Our brains are truly amazing. Facial recognition is one brilliant example of how quickly and mysteriously our brains work to help us navigate and function in relationships and with the world around us.
With just one glance at another’s face, our brains are able to effortlessly process a huge amount of information: the person’s age, race, gender, state of health, mood and expression, and the direction of their gaze. The volume of social cues that we can gather simply by watching one another’s faces is essential for our ability to engage successfully and safely with others.
Eye contact is a particularly important element in facial recognition, and allows us to gather much more information than we otherwise would. But because direct eye contact can often feel threatening, this creates a real social disadvantage for those who have difficulty making eye contact, as is the case with autism, or those with Social Anxiety Disorder.

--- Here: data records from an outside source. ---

lemma app_tensor_op:
  "app (qbasis n W) (tensor_op n W A H) (prod_state n W f g z0) =
   prod_state n W (\<lambda>e. \<Sum>e'\<in>vpairs n. A e e' * f e') (\<lambda>b. \<Sum>b'\<in>UNIV. H b b' * g b') z0"
proof (rule ext, clarify)
  fix e b z
  show "app (qbasis n W) (tensor_op n W A H) (prod_state n W f g z0) (e, b, z) =
    prod_state n W (\<lambda>e. \<Sum>e'\<in>vpairs n. A e e' * f e') (\<lambda>b. \<Sum>b'\<in>UNIV. H b b' * g b') z0 (e, b, z)"
  proof (cases "e \<in> vpairs n \<and> z = z0 \<and> z0 < W")
    case True
    have "app (qbasis n W) (tensor_op n W A H) (prod_state n W f g z0) (e, b, z) =
      (\<Sum>e'\<in>vpairs n. \<Sum>b'\<in>UNIV. \<Sum>z'<W. (if z' = z0 then A e e' * H b b' * (f e' * g b') else 0))"
      unfolding app_def sum_qbasis using True
      by (intro sum.cong refl) (auto simp: tensor_op_def prod_state_def)
    also have "\<dots> = (\<Sum>e'\<in>vpairs n. \<Sum>b'\<in>UNIV. A e e' * H b b' * (f e' * g b'))"
      using True by simp
    also have "\<dots> = (\<Sum>e'\<in>vpairs n. A e e' * f e') * (\<Sum>b'\<in>UNIV. H b b' * g b')"
      by (simp add: sum_product mult_ac) (rule sum.swap)
    finally show ?thesis using True by (simp add: prod_state_def)
  next
    case False
    have "app (qbasis n W) (tensor_op n W A H) (prod_state n W f g z0) (e, b, z) = 0"
      unfolding app_def sum_qbasis using False
      by (intro sum.neutral ballI) (auto simp: tensor_op_def prod_state_def)
    thus ?thesis using False unfolding prod_state_def by auto
  qed
qed

lemma unitary_tensor_op:
  assumes "unitary_mat_on (vpairs n) A" "unitary_mat_on UNIV H"
  shows "unitary_on (qbasis n W) (tensor_op n W A H)"
  unfolding unitary_on_def
proof (clarify)
  fix e1 b1 z1 e2 b2 z2
  assume 1: "(e1, b1, z1) \<in> qbasis n W" and 2: "(e2, b2, z2) \<in> qbasis n W"
  have "(\<Sum>k\<in>qbasis n W. cnj (tensor_op n W A H k (e1, b1, z1)) * tensor_op n W A H k (e2, b2, z2))
     = (\<Sum>e\<in>vpairs n. \<Sum>b\<in>UNIV. \<Sum>z<W. if z = z1 \<and> z = z2 then
          (cnj (A e e1) * A e e2) * (cnj (H b b1) * H b b2) else 0)"
    unfolding sum_qbasis using 1 2
    by (intro sum.cong refl) (auto simp: tensor_op_def qbasis_def mult_ac)
  also have "\<dots> = (if z1 = z2 then (\<Sum>e\<in>vpairs n. cnj (A e e1) * A e e2) *
        (\<Sum>b\<in>UNIV. cnj (H b b1) * H b b2) else 0)"
  proof (cases "z1 = z2")
    case True
    then show ?thesis using 1 2 by (simp add: qbasis_def sum_product mult_ac) (rule sum.swap)
  next
    case False
    then show ?thesis by (auto intro!: sum.neutral)
  qed
  also have "\<dots> = (if (e1, b1, z1) = (e2, b2, z2) then 1 else 0)"
    using assms 1 2 unfolding unitary_mat_on_def qbasis_def by auto
  finally show "(\<Sum>k\<in>qbasis n W. cnj (tensor_op n W A H k (e1, b1, z1)) * tensor_op n W A H k (e2, b2, z2)) =
       (if (e1, b1, z1) = (e2, b2, z2) then 1 else 0)" .
qed

lemma unitary_tensor_op_real:
  "orthogonal_mat_on (vpairs n) A \<Longrightarrow> orthogonal_mat_on UNIV H \<Longrightarrow>
   unitary_on (qbasis n W) (tensor_op n W (cmat A) (cmat H))"
  by (intro unitary_tensor_op orthogonal_imp_unitary_mat)

lemma unitary_on_permute_columns:
  assumes "unitary_on B U" "bij_betw p B B"
  shows "unitary_on B (\<lambda>i j. U i (p j))"
  unfolding unitary_on_def
proof (intro ballI)
  fix i j assume "i \<in> B" "j \<in> B"
  then have p: "p i \<in> B" "p j \<in> B" "p i = p j \<longleftrightarrow> i = j"
    using assms(2) by (auto simp: bij_betw_def inj_on_def)
  then have "(\<Sum>k\<in>B. cnj (U k (p i)) * U k (p j)) = (if p i = p j then 1 else 0)"
    using assms(1) unfolding unitary_on_def by blast
  then show "(\<Sum>k\<in>B. cnj (U k (p i)) * U k (p j)) = (if i = j then 1 else 0)"
    using p(3) by simp
qed

lemma tensor_op_column:
  "e0 \<in> vpairs n \<Longrightarrow> z0 < W \<Longrightarrow>
   tensor_op n W A H i (e0, b0, z0) = prod_state n W (\<lambda>e. A e e0) (\<lambda>b. H b b0) z0 i"
  unfolding tensor_op_def prod_state_def by (cases i) auto

definition minus_amp :: "bool \<Rightarrow> complex" where
  "minus_amp b = (if b then - 1 / sqrt 2 else 1 / sqrt 2)"

definition zero_amp :: "bool \<Rightarrow> complex" where "zero_amp b = (if b then 0 else 1)"

definition uniform_amp :: "nat \<Rightarrow> nat set \<Rightarrow> complex" where
  "uniform_amp n = (\<lambda>e. complex_of_real (1 / sqrt (card (vpairs n))))"

definition edge_sign :: "nat set set \<Rightarrow> nat set \<Rightarrow> complex" where
  "edge_sign E e = (if e \<in> E then -1 else 1)"

text \<open>With the answer bit in \<open>|-\<rangle>\<close> a query is the phase oracle; with the bit in \<open>|0\<rangle>\<close> it
  writes the membership bit \<open>[e \<in> E]\<close>.\<close>

lemma query_op_minus:
  "query_op E (prod_state n W f minus_amp z0) = prod_state n W (\<lambda>e. edge_sign E e * f e) minus_amp z0"
  by (rule ext) (auto simp: query_op_def prod_state_def minus_amp_def edge_sign_def)

lemma query_op_zero:
  "query_op E (prod_state n W f zero_amp z0) =
   (\<lambda>(e, b, z). if e \<in> vpairs n \<and> z = z0 \<and> z0 < W \<and> b = (e \<in> E) then f e else 0)"
  by (rule ext) (auto simp: query_op_def prod_state_def zero_amp_def)

lemma minus_prep_column: "cmat minus_prep b False = minus_amp b"
  by (cases b) (simp_all add: cmat_def minus_prep_def minus_amp_def)

lemma id_mat_minus: "(\<Sum>b'\<in>UNIV. cmat id_mat b b' * minus_amp b') = minus_amp b"
  by (cases b) (auto simp: sum_UNIV_bool cmat_def id_mat_def)

lemma minus_unprep_minus: "(\<Sum>b'\<in>UNIV. cmat minus_unprep b b' * minus_amp b') = zero_amp b"
proof -
  have s: "complex_of_real (sqrt 2) * complex_of_real (sqrt 2) = 2"
    by (simp flip: of_real_mult)
  show ?thesis
    by (cases b) (auto simp: sum_UNIV_bool cmat_def minus_unprep_def minus_prep_def minus_amp_def
        zero_amp_def field_simps s)
qed

fun run_queries :: "idx set \<Rightarrow> nat set set \<Rightarrow> qmat list \<Rightarrow> qstate \<Rightarrow> qstate" where
  "run_queries B E [] \<psi> = \<psi>"
| "run_queries B E (U # Us) \<psi> = run_queries B E Us (app B U (query_op E \<psi>))"

lemma run_Cons_eq: "run B E (U # Us) \<psi> = run_queries B E Us (app B U \<psi>)"
  by (induction Us arbitrary: U \<psi>) simp_all

lemma run_queries_append:
  "run_queries B E (xs @ ys) \<psi> = run_queries B E ys (run_queries B E xs \<psi>)"
  by (induction xs arbitrary: \<psi>) auto

lemma app_linear:
  "app B U (\<lambda>i. \<Sum>x\<in>X. c x * \<phi> x i) = (\<lambda>i. \<Sum>x\<in>X. c x * app B U (\<phi> x) i)"
  unfolding app_def by (auto simp: sum_distrib_left mult_ac intro: sum.swap)

lemma query_op_linear:
  "query_op E (\<lambda>i. \<Sum>x\<in>X. c x * \<phi> x i) = (\<lambda>i. \<Sum>x\<in>X. c x * query_op E (\<phi> x) i)"
  unfolding query_op_def by auto

lemma run_queries_linear:
  "run_queries B E Us (\<lambda>i. \<Sum>x\<in>X. c x * \<phi> x i) = (\<lambda>i. \<Sum>x\<in>X. c x * run_queries B E Us (\<phi> x) i)"
proof (induction Us arbitrary: \<phi>)
  case Nil then show ?case by simp
next
  case (Cons U Us)
  show ?case
    by (simp add: query_op_linear app_linear Cons.IH[of "\<lambda>x. app B U (query_op E (\<phi> x))", symmetric])
qed
lemma linear_orth_proj:
  fixes W :: "'a::euclidean_space set"
  assumes "subspace W"
  shows "linear (orth_proj W)"
proof
  note in_W = orth_proj_in_and_perp(1)[OF assms] and perp = orth_proj_in_and_perp(2)[OF assms]
  fix v w :: 'a and a :: real
  show "orth_proj W (v + w) = orth_proj W v + orth_proj W w"
  proof (rule orth_proj_unique[OF assms subspace_add[OF assms in_W in_W]])
    have "v + w - (orth_proj W v + orth_proj W w) = (v - orth_proj W v) + (w - orth_proj W w)"
      by simp
    then show "v + w - (orth_proj W v + orth_proj W w) \<in> orthogonal_comp W"
      using subspace_add[OF subspace_orthogonal_comp perp[of v] perp[of w]] by (simp only:)
  qed
  show "orth_proj W (a *\<^sub>R v) = a *\<^sub>R orth_proj W v"
  proof (rule orth_proj_unique[OF assms subspace_scale[OF assms in_W]])
    have "a *\<^sub>R v - a *\<^sub>R orth_proj W v = a *\<^sub>R (v - orth_proj W v)"
      by (simp add: algebra_simps)
    then show "a *\<^sub>R v - a *\<^sub>R orth_proj W v \<in> orthogonal_comp W"
      using subspace_scale[OF subspace_orthogonal_comp perp[of v]] by (simp only:)
  qed
qed

lemma orth_proj_inner_commute:
  fixes W :: "'a::euclidean_space set"
  assumes "subspace W"
  shows "orth_proj W v \<bullet> w = v \<bullet> orth_proj W w"
  using inner_orth_proj_perp[OF assms orth_proj_in_and_perp(1)[OF assms], of v w]
    inner_orth_proj_perp[OF assms orth_proj_in_and_perp(1)[OF assms], of w v]
  by (simp add: inner_diff_right inner_commute)

lemma norm_orth_proj_le:
  fixes W :: "'a::euclidean_space set"
  assumes "subspace W"
  shows "norm (orth_proj W v) \<le> norm v"
proof -
  have "(norm (orth_proj W v))\<^sup>2 = orth_proj W v \<bullet> v"
    using inner_orth_proj_perp[OF assms orth_proj_in_and_perp(1)[OF assms], of v v]
    by (simp add: inner_diff_right power2_norm_eq_inner)
  also have "\<dots> \<le> norm (orth_proj W v) * norm v" by (rule norm_cauchy_schwarz)
  finally have "norm (orth_proj W v) * norm (orth_proj W v) \<le> norm (orth_proj W v) * norm v"
    by (simp add: power2_eq_square)
  then show ?thesis by (cases "orth_proj W v = 0") (simp_all add: mult_le_cancel_left_pos)
qed

lemma orth_proj_orthogonal_comp_eq_0:
  fixes W :: "'a::euclidean_space set"
  assumes "subspace W" and "v \<in> orthogonal_comp W"
  shows "orth_proj W v = 0"
  using orth_proj_unique[OF assms(1) subspace_0[OF assms(1)]] assms(2) by simp

lemma linear_Zproj: "linear (Zproj X j)"
  unfolding Zproj_def by (rule linear_orth_proj[OF subspace_orthogonal_comp])

lemma Zproj_inner_commute: "Zproj X j v \<bullet> w = v \<bullet> Zproj X j w"
  unfolding Zproj_def by (rule orth_proj_inner_commute[OF subspace_orthogonal_comp])

lemma norm_Zproj_le: "norm (Zproj X j v) \<le> norm v"
  unfolding Zproj_def by (rule norm_orth_proj_le[OF subspace_orthogonal_comp])

lemma Zproj_column_other:
  assumes "k \<noteq> j"
  shows "Zproj X j (column k X) = 0"
proof -
  have "column k X \<in> span {column k X | k. k \<noteq> j}"
    using assms by (intro span_base) blast
  then have "column k X \<in> orthogonal_comp (orthogonal_comp (span {column k X | k. k \<noteq> j}))"
    using orthogonal_comp_subset by blast
  then show ?thesis
    unfolding Zproj_def by (rule orth_proj_orthogonal_comp_eq_0[OF subspace_orthogonal_comp])
qed

lemma column_matrix_matrix_mult:
  "column j (A ** B) = (\<Sum>k\<in>UNIV. B $ k $ j *\<^sub>R column k (A :: real^'k^'m))"
  by (simp add: vec_eq_iff column_def matrix_matrix_mult_def mult.commute)

lemma Zproj_column_matrix_mult:
  "Zproj X j (column j (X ** B)) = B $ j $ j *\<^sub>R Zproj X j (column j X)"
proof -
  have "Zproj X j (column j (X ** B)) = (\<Sum>k\<in>UNIV. B $ k $ j *\<^sub>R Zproj X j (column k X))"
    by (simp add: column_matrix_matrix_mult linear_sum[OF linear_Zproj] linear_scale[OF linear_Zproj])
  also have "\<dots> = (\<Sum>k\<in>UNIV. if k = j then B $ j $ j *\<^sub>R Zproj X j (column j X) else 0)"
    by (rule sum.cong) (auto simp: Zproj_column_other)
  finally show ?thesis by simp
qed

Interestingly, scientists have known for a long time that we tend to focus on the left side of the face we’re viewing, a phenomenon called ‘left gaze bias’ that is thought to be connected to the fact that it is our brain’s right hemisphere that manages the task of facial recognition and processing.
We’ve also known for some time that ‘reading’ a face that is upside down is extremely challenging for us, but not much was known about our ability to read faces that are rotated or tilted.
A new study on ‘facial fixation’ out of the University of California, Santa Cruz, sheds light on this middle ground. Lead researcher of the study, Nicolas Davidenko, used eye-tracking technology to find the answers, some of which were very surprising.
What he found was that, when the head was tilted by as little as 11 degrees off centre, the ‘left-gaze bias’ completely disappeared, and was replaced by an equally strong ‘upper eye bias,’ in which the viewer tended to look at whichever eye was higher. This is in contrast to looking at both eyes when the head is upright.
Davidenko felt that these findings could be used therapeutically for people with autism, and for situations in which direct eye contact might feel threatening or uncomfortable. He found that people looked more at the eyes in faces with a slight head tilt, perhaps because the tilt made them seem more approachable.
This important finding could help those with autism or similar eye-contact limitations to gather more social cues and information, thereby leveling the playing field somewhat in interpersonal interactions.
He suggested the head tilt could be used deliberately, such as for people affected by amblyopia (lazy eye), which can be uncomfortable for others. By tilting their head so that their dominant eye is up, “that taps into our natural tendency to fix our gaze on that eye,” Davidenko said.
Apparently, there is a limit to the effectiveness of the head tilt. The strongest effect was noted with a rotation of 45 degrees, but beyond that the upper-eye bias decreased. At a 90-degree rotation “people don’t know where to look, and it changes their behavior totally,” said Davidenko.